Some gun owners skipped the sentiment and headed to the store. The pattern repeats after every massacre and after every election of a Democratic president—sales of firearms and ammunition surge before the liberals can supposedly engineer their inevitable bans. Anyone who’s been to a gun show since 2008 has seen the rising prices and the religious certitude that President Obama will make a run at the Second Amendment, just like Illinois state Sen. Obama did in the 1990s.
The irony of the Great Ammo Panic: Liberals have failed to restrict sales, even as the interstate and online purchase of ammo has become easier. One of the NRA’s greatest legislative successes, the Firearms Owners’ Protection Act, let dealers sell ammo without recording vital information about the buyers. That law eventually facilitated the online ammo market, which allows sites like CheaperThanDirt to sell 30-round extended clips for $8.99.
That’s a huge market, one that might come under threat if momentum for new gun-control laws builds. That’s one reason why paranoia about massacres, and their possible legislative responses, has grown with every attack. Shortly after the Newtown story broke, the radio talker and Internet news pioneer Alex Jones warned listeners that it might have been a false flag attack to build anti-gun sentiment. “They could use a drill to bring in a patsy,” he said in a video that was linked to quickly by the Drudge Report.
It would have come off as pure fringe talk, but the NRA itself has started to endorse theories that would-be gun-grabbers are creating crises to bring the public around. That was an argument made by NRA CEO Wayne LaPierre again and again in 2011, as Congress investigated the botched “Fast and Furious” scheme that gave illegal guns to Mexican cartels on the hope that the cartels could be tracked.
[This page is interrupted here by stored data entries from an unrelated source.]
lemma ngt_zer: "\<lbrakk>a \<in> Ob C; b \<in> Ob C\<rbrakk> \<Longrightarrow> \<ominus> zer C a b = zer C a b"
  using ngt_unique[of a b "zer C a b" "zer C a b"] pls_zer_left[of a b "zer C a b"]
  by (simp add: zer_closed)

lemma cmp_zer_right:
  assumes a: "a \<in> Ob C" and b: "b \<in> Ob C" and c: "c \<in> Ob C" and h: "h \<in> Hm C b c"
  shows "h \<cdot> zer C a b = zer C a c"
proof (rule pls_left_cancel[OF a c])
  have z: "zer C a b \<in> Hm C a b" using a b by (rule zer_closed)
  have "h \<cdot> zer C a b \<oplus> h \<cdot> zer C a b = h \<cdot> (zer C a b \<oplus> zer C a b)"
    using cmp_distrib_left[OF a b c z z h] by simp
  also have "\<dots> = h \<cdot> zer C a b \<oplus> zer C a c"
    using pls_zer_left[OF a b z] pls_zer_right[OF a c cmp_closed[OF a b c z h]] by simp
  finally show "h \<cdot> zer C a b \<oplus> h \<cdot> zer C a b = h \<cdot> zer C a b \<oplus> zer C a c" .
qed (use a b c h in auto)

lemma cmp_zer_left:
  assumes a: "a \<in> Ob C" and b: "b \<in> Ob C" and c: "c \<in> Ob C" and h: "h \<in> Hm C a b"
  shows "zer C b c \<cdot> h = zer C a c"
proof (rule pls_left_cancel[OF a c])
  have z: "zer C b c \<in> Hm C b c" using b c by (rule zer_closed)
  have "zer C b c \<cdot> h \<oplus> zer C b c \<cdot> h = (zer C b c \<oplus> zer C b c) \<cdot> h"
    using cmp_distrib_right[OF a b c z z h] by simp
  also have "\<dots> = zer C b c \<cdot> h \<oplus> zer C a c"
    using pls_zer_left[OF b c z] pls_zer_right[OF a c cmp_closed[OF a b c h z]] by simp
  finally show "zer C b c \<cdot> h \<oplus> zer C b c \<cdot> h = zer C b c \<cdot> h \<oplus> zer C a c" .
qed (use a b c h in auto)

lemma cmp_ngt_right:
  assumes "a \<in> Ob C" "b \<in> Ob C" "c \<in> Ob C" "f \<in> Hm C a b" "h \<in> Hm C b c"
  shows "h \<cdot> \<ominus> f = \<ominus> (h \<cdot> f)"
proof -
  have "h \<cdot> f \<oplus> h \<cdot> \<ominus> f = zer C a c"
    using assms by (simp add: cmp_distrib_left[symmetric] cmp_zer_right ngt_closed pls_ngt)
  then show ?thesis
    using assms by (intro ngt_unique) auto
qed

lemma cmp_ngt_left:
  assumes "a \<in> Ob C" "b \<in> Ob C" "c \<in> Ob C" "f \<in> Hm C b c" "h \<in> Hm C a b"
  shows "(\<ominus> f) \<cdot> h = \<ominus> (f \<cdot> h)"
proof -
  have "f \<cdot> h \<oplus> (\<ominus> f) \<cdot> h = zer C a c"
    using assms by (simp add: cmp_distrib_right[symmetric] cmp_zer_left ngt_closed pls_ngt)
  then show ?thesis
    using assms by (intro ngt_unique) auto
qed

lemma cmp_complement:
  "\<lbrakk>a \<in> Ob C; c \<in> Ob C; x \<in> Hm C a a; h \<in> Hm C a c\<rbrakk>
    \<Longrightarrow> h \<cdot> (ident C a \<oplus> \<ominus> x) = h \<oplus> \<ominus> (h \<cdot> x)"
  by (simp add: cmp_distrib_left cmp_ident_right cmp_ngt_right ident_closed ngt_closed)

lemma complement_cmp:
  "\<lbrakk>a \<in> Ob C; c \<in> Ob C; x \<in> Hm C a a; h \<in> Hm C c a\<rbrakk>
    \<Longrightarrow> (ident C a \<oplus> \<ominus> x) \<cdot> h = h \<oplus> \<ominus> (x \<cdot> h)"
  by (simp add: cmp_distrib_right cmp_ident_left cmp_ngt_left ident_closed ngt_closed)

lemma pls_complement:
  assumes a: "a \<in> Ob C" and p: "p \<in> Hm C a a"
  shows "p \<oplus> (ident C a \<oplus> \<ominus> p) = ident C a"
proof -
  have "p \<oplus> (ident C a \<oplus> \<ominus> p) = p \<oplus> \<ominus> p \<oplus> ident C a"
    using a p by (simp add: ident_closed ngt_closed pls_assoc pls_commute)
  then show ?thesis
    using a p by (simp add: ident_closed pls_ngt pls_zer_left)
qed

lemma joint_kernel_ex1:
  assumes "is_joint_kernel C a b I D K k" and "X \<in> Ob C" and "h \<in> Hm C X a"
    and "\<forall>i\<in>I. D i \<cdot> h = zer C X b"
  shows "\<exists>!u. u \<in> Hm C X K \<and> k \<cdot> u = h"
  using assms unfolding is_joint_kernel_def by blast

lemma joint_kernel_factor:
  assumes "is_joint_kernel C a b I D K k" and "X \<in> Ob C" and "h \<in> Hm C X a"
    and "\<forall>i\<in>I. D i \<cdot> h = zer C X b"
  obtains u where "u \<in> Hm C X K" and "k \<cdot> u = h"
  using joint_kernel_ex1[OF assms] by blast

lemma joint_kernel_cancel:
  assumes ker: "is_joint_kernel C a b I D K k"
    and a: "a \<in> Ob C" and b: "b \<in> Ob C" and D: "\<forall>i\<in>I. D i \<in> Hm C a b"
    and X: "X \<in> Ob C" and u: "u \<in> Hm C X K" and v: "v \<in> Hm C X K"
    and eq: "k \<cdot> u = k \<cdot> v"
  shows "u = v"
proof -
  have K: "K \<in> Ob C" "k \<in> Hm C K a" and Dk: "\<forall>i\<in>I. D i \<cdot> k = zer C K b"
    using ker unfolding is_joint_kernel_def by auto
  have Dku: "D i \<cdot> (k \<cdot> u) = zer C X b" if "i \<in> I" for i
  proof -
    have Di: "D i \<in> Hm C a b" using D that by blast
    have "D i \<cdot> (k \<cdot> u) = (D i \<cdot> k) \<cdot> u" using cmp_assoc[OF X K(1) a b u K(2) Di] .
    also have "\<dots> = zer C X b" using Dk that cmp_zer_left[OF X K(1) b u] by simp
    finally show ?thesis .
  qed
  have "\<exists>!w. w \<in> Hm C X K \<and> k \<cdot> w = k \<cdot> u"
    by (rule joint_kernel_ex1[OF ker X cmp_closed[OF X K(1) a u K(2)]]) (simp add: Dku)
  then show ?thesis using u v eq by metis
qed
(* Let $A$ be a deterministic KAT automaton over $(\Sigma,T_0)$ and $\mathfrak{t}:T_0\to\mathsf{BA}(T_1)$. Then $L(\mathsf{compose}_{\mathfrak{t}}(A))=\mathrm{apply}_{\mathfrak{t}}(L(A))$.
   Context: Atoms $\mathsf{At}_T=2^T$; $\mathsf{BA}(T)$ Boolean expressions over $T$; $\alpha\le b$ means $b$ holds under the assignment making exactly the tests in $\alpha$ true. Guarded strings: words in $\mathsf{At}_T(\Sigma\mathsf{At}_T)^*$. Deterministic KAT automaton over $(\Sigma,T)$: $A=(Q,\delta,\iota)$, $Q$ finite, $\delta:Q\times\mathsf{At}_T\to\{\mathsf{accept},\mathsf{reject}\}+\Sigma\times Q$, $\iota:\mathsf{At}_T\to\{\mathsf{accept},\mathsf{reject}\}+\Sigma\times Q$. $L_A(\gamma)$ is the smallest set with $\gamma(\alpha)=\mathsf{accept}\Rightarrow\alpha\in L_A(\gamma)$ and $\gamma(\alpha)=(p,q)$, $w\in L_A(\delta(q,-))\Rightarrow\alpha pw\in L_A(\gamma)$; $L(A)=L_A(\iota)$. $\mathsf{compose}_{\mathfrak{t}}(A)$ for $A=(Q,\delta,\iota)$ over $(\Sigma,T_0)$: for $\beta\in\mathsf{At}_{T_1}$ let $\mathfrak{t}^{-1}(\beta)\in\mathsf{At}_{T_0}$ be the atom with $t\in\mathfrak{t}^{-1}(\beta)$ iff $\beta\le\mathfrak{t}(t)$; then $\mathsf{compose}_{\mathfrak{t}}(A)=(Q,\delta',\iota')$ over $(\Sigma,T_1)$ with $\delta'(q,\beta)=\delta(q,\mathfrak{t}^{-1}(\beta))$, $\iota'(\beta)=\iota(\mathfrak{t}^{-1}(\beta))$. $\beta\in\mathsf{At}_{T_1}$ is $\mathfrak{t}$-consistent with $\alpha\in\mathsf{At}_{T_0}$ if for all $t\in T_0$, $\alpha\le t$ iff $\beta\le\mathfrak{t}(t)$. For a guarded language $L$ over $(\Sigma,T_0)$, $\mathrm{apply}_{\mathfrak{t}}(L)$ is the set of guarded strings $\beta_0p_0\beta_1\cdots p_{n-1}\beta_n$ over $(\Sigma,T_1)$ such that some $\alpha_0p_0\alpha_1\cdots p_{n-1}\alpha_n\in L$ has each $\beta_i$ $\mathfrak{t}$-consistent with $\alpha_i$. *)

theory Defs
  imports Main
begin

datatype 't bexp = BTrue | BFalse | BTest 't | BNot "'t bexp"
  | BAnd "'t bexp" "'t bexp" | BOr "'t bexp" "'t bexp"

fun bvars :: "'t bexp \<Rightarrow> 't set" where
  "bvars BTrue = {}" | "bvars BFalse = {}" | "bvars (BTest t) = {t}"
| "bvars (BNot b) = bvars b" | "bvars (BAnd b c) = bvars b \<union> bvars c"
| "bvars (BOr b c) = bvars b \<union> bvars c"

definition BA :: "'t set \<Rightarrow> 't bexp set" where
  "BA T = {b. bvars b \<subseteq> T}"

(* atoms At_T = 2^T, represented as the set of tests that are true *)
definition atoms :: "'t set \<Rightarrow> 't set set" where
  "atoms T = Pow T"

fun sat :: "'t set \<Rightarrow> 't bexp \<Rightarrow> bool" where
  "sat \<alpha> BTrue = True" | "sat \<alpha> BFalse = False" | "sat \<alpha> (BTest t) = (t \<in> \<alpha>)"
| "sat \<alpha> (BNot b) = (\<not> sat \<alpha> b)" | "sat \<alpha> (BAnd b c) = (sat \<alpha> b \<and> sat \<alpha> c)"
| "sat \<alpha> (BOr b c) = (sat \<alpha> b \<or> sat \<alpha> c)"

(* guarded string alpha_0 p_0 alpha_1 ... p_{n-1} alpha_n  as (alpha_0, [(p_0,alpha_1),...]) *)
type_synonym ('s, 't) gstring = "'t set \<times> ('s \<times> 't set) list"

definition guarded :: "'t set \<Rightarrow> ('s, 't) gstring \<Rightarrow> bool" where
  "guarded T w \<longleftrightarrow> fst w \<in> atoms T \<and> (\<forall>(p, \<alpha>) \<in> set (snd w). \<alpha> \<in> atoms T)"

datatype ('s, 'q) res = Accept | Reject | Step 's 'q

record ('q, 's, 't) kat_aut =
  states :: "'q set"
  trans :: "'q \<Rightarrow> 't set \<Rightarrow> ('s, 'q) res"
  init :: "'t set \<Rightarrow> ('s, 'q) res"

definition res_ok :: "'q set \<Rightarrow> ('s, 'q) res \<Rightarrow> bool" where
  "res_ok Q r \<longleftrightarrow> (\<forall>p q. r = Step p q \<longrightarrow> q \<in> Q)"

definition det_kat_aut :: "'s set \<Rightarrow> 't set \<Rightarrow> ('q, 's, 't) kat_aut \<Rightarrow> bool" where
  "det_kat_aut \<Sigma> T A \<longleftrightarrow> finite (states A) \<and>
     (\<forall>\<alpha> \<in> atoms T. res_ok (states A) (init A \<alpha>) \<and>
         (\<forall>p q. init A \<alpha> = Step p q \<longrightarrow> p \<in> \<Sigma>)) \<and>
     (\<forall>q \<in> states A. \<forall>\<alpha> \<in> atoms T. res_ok (states A) (trans A q \<alpha>) \<and>
         (\<forall>p q'. trans A q \<alpha> = Step p q' \<longrightarrow> p \<in> \<Sigma>))"

inductive LA :: "'t set \<Rightarrow> ('q, 's, 't) kat_aut \<Rightarrow> ('t set \<Rightarrow> ('s, 'q) res)
                      \<Rightarrow> ('s, 't) gstring \<Rightarrow> bool"
  for T A where
  acc: "\<alpha> \<in> atoms T \<Longrightarrow> \<gamma> \<alpha> = Accept \<Longrightarrow> LA T A \<gamma> (\<alpha>, [])"
| step: "\<alpha> \<in> atoms T \<Longrightarrow> \<gamma> \<alpha> = Step p q \<Longrightarrow> LA T A (trans A q) (\<beta>, w)
         \<Longrightarrow> LA T A \<gamma> (\<alpha>, (p, \<beta>) # w)"

definition lang :: "'t set \<Rightarrow> ('q, 's, 't) kat_aut \<Rightarrow> ('s, 't) gstring set" where
  "lang T A = Collect (LA T A (init A))"

definition tinv :: "'t0 set \<Rightarrow> ('t0 \<Rightarrow> 't1 bexp) \<Rightarrow> 't1 set \<Rightarrow> 't0 set" where
  "tinv T0 tt \<beta> = {t \<in> T0. sat \<beta> (tt t)}"

definition compose :: "'t0 set \<Rightarrow> ('t0 \<Rightarrow> 't1 bexp) \<Rightarrow> ('q, 's, 't0) kat_aut
                        \<Rightarrow> ('q, 's, 't1) kat_aut" where
  "compose T0 tt A = \<lparr> states = states A,
       trans = (\<lambda>q \<beta>. trans A q (tinv T0 tt \<beta>)),
       init = (\<lambda>\<beta>. init A (tinv T0 tt \<beta>)) \<rparr>"

definition consistent :: "'t0 set \<Rightarrow> ('t0 \<Rightarrow> 't1 bexp) \<Rightarrow> 't1 set \<Rightarrow> 't0 set \<Rightarrow> bool" where
  "consistent T0 tt \<beta> \<alpha> \<longleftrightarrow> (\<forall>t \<in> T0. t \<in> \<alpha> \<longleftrightarrow> sat \<beta> (tt t))"

definition apply_t :: "'t0 set \<Rightarrow> 't1 set \<Rightarrow> ('t0 \<Rightarrow> 't1 bexp) \<Rightarrow> ('s, 't0) gstring set
                       \<Rightarrow> ('s, 't1) gstring set" where
  "apply_t T0 T1 tt L = {(\<beta>0, ws). guarded T1 (\<beta>0, ws) \<and>
     (\<exists>\<alpha>0 vs. (\<alpha>0, vs) \<in> L \<and> length vs = length ws \<and>
        map fst vs = map fst ws \<and> consistent T0 tt \<beta>0 \<alpha>0 \<and>
        (\<forall>i < length ws. consistent T0 tt (snd (ws ! i)) (snd (vs ! i))))}"

end

theory Submission
  imports Defs
begin

text \<open>A word is accepted by the composed automaton exactly when its pointwise translation
  along \<open>tinv\<close> is accepted by the original one; and since an atom \<open>\<alpha>\<close> of \<open>T0\<close> that is
  consistent with \<open>\<beta>\<close> must be \<open>tinv \<beta>\<close>, the image under \<open>apply_t\<close> of a language of guarded
  strings is just the preimage of that language under the same translation.\<close>

definition tinv_gstring ::
    "'t0 set \<Rightarrow> ('t0 \<Rightarrow> 't1 bexp) \<Rightarrow> ('s, 't1) gstring \<Rightarrow> ('s, 't0) gstring"
  where "tinv_gstring T0 tt w = (tinv T0 tt (fst w), map (\<lambda>(p, \<beta>). (p, tinv T0 tt \<beta>)) (snd w))"

lemma tinv_in_atoms: "tinv T0 tt \<beta> \<in> atoms T0"
  by (auto simp: tinv_def atoms_def)

lemma consistent_tinv: "consistent T0 tt \<beta> (tinv T0 tt \<beta>)"
  by (auto simp: consistent_def tinv_def)

lemma consistent_iff_eq_tinv:
  assumes "\<alpha> \<in> atoms T0"
  shows "consistent T0 tt \<beta> \<alpha> \<longleftrightarrow> \<alpha> = tinv T0 tt \<beta>"
  using assms by (auto simp: consistent_def tinv_def atoms_def)

lemma guarded_Cons_iff:
  "guarded T (\<alpha>, (p, \<beta>) # w) \<longleftrightarrow> \<alpha> \<in> atoms T \<and> guarded T (\<beta>, w)"
  by (auto simp: guarded_def)

lemma LA_guarded: "LA T A \<gamma> w \<Longrightarrow> guarded T w"
  by (induction rule: LA.induct) (auto simp: guarded_def)

lemma LA_Nil_iff: "LA T A \<gamma> (\<alpha>, []) \<longleftrightarrow> \<alpha> \<in> atoms T \<and> \<gamma> \<alpha> = Accept"
  by (auto elim: LA.cases intro: LA.acc)

lemma LA_Cons_iff:
  "LA T A \<gamma> (\<alpha>, (p, \<beta>) # w) \<longleftrightarrow>
     \<alpha> \<in> atoms T \<and> (\<exists>q. \<gamma> \<alpha> = Step p q \<and> LA T A (trans A q) (\<beta>, w))"
  by (auto elim: LA.cases intro: LA.step)

lemma LA_compose_iff:
  "LA T1 (compose T0 tt A) (\<lambda>\<beta>. \<gamma> (tinv T0 tt \<beta>)) w \<longleftrightarrow>
     guarded T1 w \<and> LA T0 A \<gamma> (tinv_gstring T0 tt w)"
proof (induction "snd w" arbitrary: w \<gamma>)
  case Nil
  then show ?case
    by (cases w) (auto simp: LA_Nil_iff tinv_gstring_def guarded_def tinv_in_atoms)
next
  case (Cons a v)
  obtain \<alpha> p \<beta> where w: "w = (\<alpha>, (p, \<beta>) # v)"
    using Cons.hyps(2) by (metis prod.collapse)
  have trans_compose: "trans (compose T0 tt A) q = (\<lambda>\<beta>. trans A q (tinv T0 tt \<beta>))" for q
    by (simp add: compose_def)
  show ?case
    using Cons.hyps(1)[of "(\<beta>, v)"]
    by (auto simp: w LA_Cons_iff guarded_Cons_iff trans_compose tinv_gstring_def tinv_in_atoms)
qed

lemma lang_compose:
  "lang T1 (compose T0 tt A) = {w. guarded T1 w \<and> tinv_gstring T0 tt w \<in> lang T0 A}"
  using LA_compose_iff[of T1 T0 tt A "init A"] by (auto simp: lang_def compose_def)

definition consistent_gstring ::
    "'t0 set \<Rightarrow> ('t0 \<Rightarrow> 't1 bexp) \<Rightarrow> ('s, 't1) gstring \<Rightarrow> ('s, 't0) gstring \<Rightarrow> bool"
  where "consistent_gstring T0 tt w v \<longleftrightarrow>
    length (snd v) = length (snd w) \<and> map fst (snd v) = map fst (snd w) \<and>
    consistent T0 tt (fst w) (fst v) \<and>
    (\<forall>i < length (snd w). consistent T0 tt (snd (snd w ! i)) (snd (snd v ! i)))"

lemma apply_t_altdef:
  "apply_t T0 T1 tt L = {w. guarded T1 w \<and> (\<exists>v \<in> L. consistent_gstring T0 tt w v)}"
  unfolding apply_t_def consistent_gstring_def by (intro set_eqI) (auto; force)

lemma consistent_gstring_iff_eq_tinv_gstring:
  assumes "guarded T0 v"
  shows "consistent_gstring T0 tt w v \<longleftrightarrow> v = tinv_gstring T0 tt w"
proof
  assume cons: "consistent_gstring T0 tt w v"
  obtain \<alpha>0 vs \<beta>0 ws where v: "v = (\<alpha>0, vs)" and w: "w = (\<beta>0, ws)"
    by (cases v, cases w)
  have len: "length vs = length ws" and fst: "map fst vs = map fst ws"
    using cons by (auto simp: consistent_gstring_def v w)
  have "snd (vs ! i) \<in> atoms T0" if "i < length vs" for i
    using assms nth_mem[OF that] by (auto simp: guarded_def v)
  then have "snd (vs ! i) = tinv T0 tt (snd (ws ! i))" if "i < length vs" for i
    using that cons by (simp add: consistent_iff_eq_tinv consistent_gstring_def v w)
  moreover have "fst (vs ! i) = fst (ws ! i)" if "i < length vs" for i
    using that len fst by (metis nth_map)
  ultimately have "vs = map (\<lambda>(p, \<beta>). (p, tinv T0 tt \<beta>)) ws"
    using len by (auto intro!: nth_equalityI simp: case_prod_beta prod_eq_iff)
  moreover have "\<alpha>0 = tinv T0 tt \<beta>0"
    using assms cons by (simp add: consistent_iff_eq_tinv consistent_gstring_def guarded_def v w)
  ultimately show "v = tinv_gstring T0 tt w"
    by (simp add: tinv_gstring_def v w)
qed (auto simp: consistent_gstring_def tinv_gstring_def consistent_tinv case_prod_beta)

lemma apply_t_eq_preimage:
  assumes "\<And>v. v \<in> L \<Longrightarrow> guarded T0 v"
  shows "apply_t T0 T1 tt L = {w. guarded T1 w \<and> tinv_gstring T0 tt w \<in> L}"
  using assms by (auto simp: apply_t_altdef consistent_gstring_iff_eq_tinv_gstring)

theorem proposition6p6:
  fixes \<Sigma> :: "'s set" and T0 :: "'t0 set" and T1 :: "'t1 set"
    and A :: "('q, 's, 't0) kat_aut" and tt :: "'t0 \<Rightarrow> 't1 bexp"
  assumes "finite T0" and "finite T1"
    and "det_kat_aut \<Sigma> T0 A"
    and "\<forall>t \<in> T0. tt t \<in> BA T1"
  shows "lang T1 (compose T0 tt A) = apply_t T0 T1 tt (lang T0 A)"
proof -
  have "\<And>v. v \<in> lang T0 A \<Longrightarrow> guarded T0 v"
    by (auto simp: lang_def intro: LA_guarded)
  then show ?thesis
    by (simp add: lang_compose apply_t_eq_preimage)
qed

end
Had the scheme worked, according to LaPierre, “the attorney general and the secretary of state would all be running around going ‘90 percent of the guns come from America’ in an attempt to seek political advantage and in an attempt to enact more gun-control laws on honest American citizens and use this whole issue politically against the Second Amendment of the United States.”
LaPierre’s riff was derided by every liberal with a keyboard. It probably seemed necessary. There’s no easy way for the gun lobby to pre-empt the post-massacre backlash. In slow months, when the massacres have fallen out of the news, they typically roll out a spokesman—LaPierre in particular—to put the onus on the government gun-grabbers. At the 2011 Conservative Political Action conference, about a month after the Giffords shooting, LaPierre shifted the blame for gun crimes onto liberals who “exploited” them:
At Virginia Tech, at Northern Illinois University, at Fort Hood, at a high school, and at a grade school—these were the victims of five deranged killers. And those five mass killers all had the same decisive advantage: “Gun Free Zones” and anti-self-defense laws that protected the safety of no one except the killers and condemned the victims to death without so much as a prayer. Let me say that again. Our own policies gave more protection to the killers than to the innocent.
That was the time to talk about politics.